The SRX family represents eukaryotic homologues of the alpha subunit of the SR receptor. Members of this entry consist of a central six-stranded anti-parallel beta-sheet sandwiched by helix alpha1 on one side and helices alpha2-alpha4 on the other. They interact with the small GTPase SR-beta, forming a complex that matches a class of small G protein-effector complexes, including Rap-Raf, Ras-PI3K(gamma), Ras-RalGDS, and Arl2-PDE(delta). On the C-terminal of SR-alpha and FtsY is the NG domain similar to SRP54.

== NG domain ==
The receptor binds to SPR54/Ffh by the "NG domain", a combination of a 4-helical-bundle "N" domain and a GTPase "G" domain, shared by both proteins. The bound structure is a quasi-symmetric heterodimer termed a targeting complex.

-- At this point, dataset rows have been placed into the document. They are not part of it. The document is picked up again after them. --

text \<open>The finite field F_{q^2} is modelled as an arbitrary finite field type 'a
with CARD('a) = q^2; such a field is unique up to isomorphism.\<close>

definition delta :: "nat \<Rightarrow> 'a::{finite,field} \<Rightarrow> nat" where
  "delta q b = card {u::'a. 2 * u ^ (q + 1) + u ^ 2 = b}"

end

(*
  Write conj u = u^q for the Frobenius of F_{q^2} over F_q and phi u = u^2 + 2 u conj u, so that
  delta q b is the size of the fibre of phi over b. In the coordinates re u = u + conj u (fixed by
  conj) and im u = u - conj u (negated by conj) one has 4 phi u = 3 re^2 - im^2 + 2 re im, so
  phi u = phi v iff the invariants re * im and 3 re^2 - im^2 agree. As q = 2 mod 3 there is an r
  with r^2 = -3 and conj r = -r, and (re, im) -> (im / r, re * r) preserves both invariants. This
  gives a third point in the fibre of phi u unless u is critical, i.e. u^2 + u conj u + conj u^2 = 0,
  equivalently 3 re^2 + im^2 = 0; for critical u /= 0 the fibre is exactly {u, -u}. Hence the b /= 0
  with delta q b = 2 are the images of the critical points. These are the u for which u^(q-1) is a
  primitive cube root of unity, 3(q-1) - (q-1) = 2(q-1) of them, paired by u -> -u.
*)

theory Submission
  imports Defs "HOL-Computational_Algebra.Polynomial"
begin

lemma card_roots_of_unity_le:
  assumes "d > 0"
  shows "card {x::'a::idom. x ^ d = 1} \<le> d"
proof -
  let ?p = "monom (1::'a) d - 1"
  have coeff: "coeff ?p d = 1"
    using assms by (simp add: coeff_monom)
  have "?p \<noteq> 0"
  proof
    assume "?p = 0"
    with coeff show False
      by simp
  qed
  have "degree ?p = d"
    using coeff by (intro antisym le_degree degree_diff_le) (simp_all add: degree_monom_le)
  moreover have "{x. x ^ d = 1} = {x. poly ?p x = 0}"
    by (simp add: poly_monom)
  ultimately show ?thesis
    using card_poly_roots_bound[OF \<open>?p \<noteq> 0\<close>] by simp
qed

==Signal recognition particle (SRP)==

The signal recognition particle (SRP) is a multimeric protein, which along with its conjugate receptor (SR), is involved in targeting secretory proteins to the rough endoplasmic reticulum (RER) membrane in eukaryotes, or to the plasma membrane in prokaryotes. SRP recognises the signal sequence of the nascent polypeptide on the ribosome, retards its elongation, and docks the SRP-ribosome-polypeptide complex to the RER membrane via the SR receptor. SRP consists of six polypeptides (SRP9, SRP14, SRP19, SRP54, SRP68 and SRP72) and a single 300 nucleotide 7S RNA molecule. The RNA component catalyses the interaction of SRP with its SR receptor. In higher eukaryotes, the SRP complex consists of the Alu domain and the S domain linked by the SRP RNA. The Alu domain consists of a heterodimer of SRP9 and SRP14 bound to the 5' and 3' terminal sequences of SRP RNA. This domain is necessary for retarding the elongation of the nascent polypeptide chain, which gives SRP time to dock the ribosome-polypeptide complex to the RER membrane.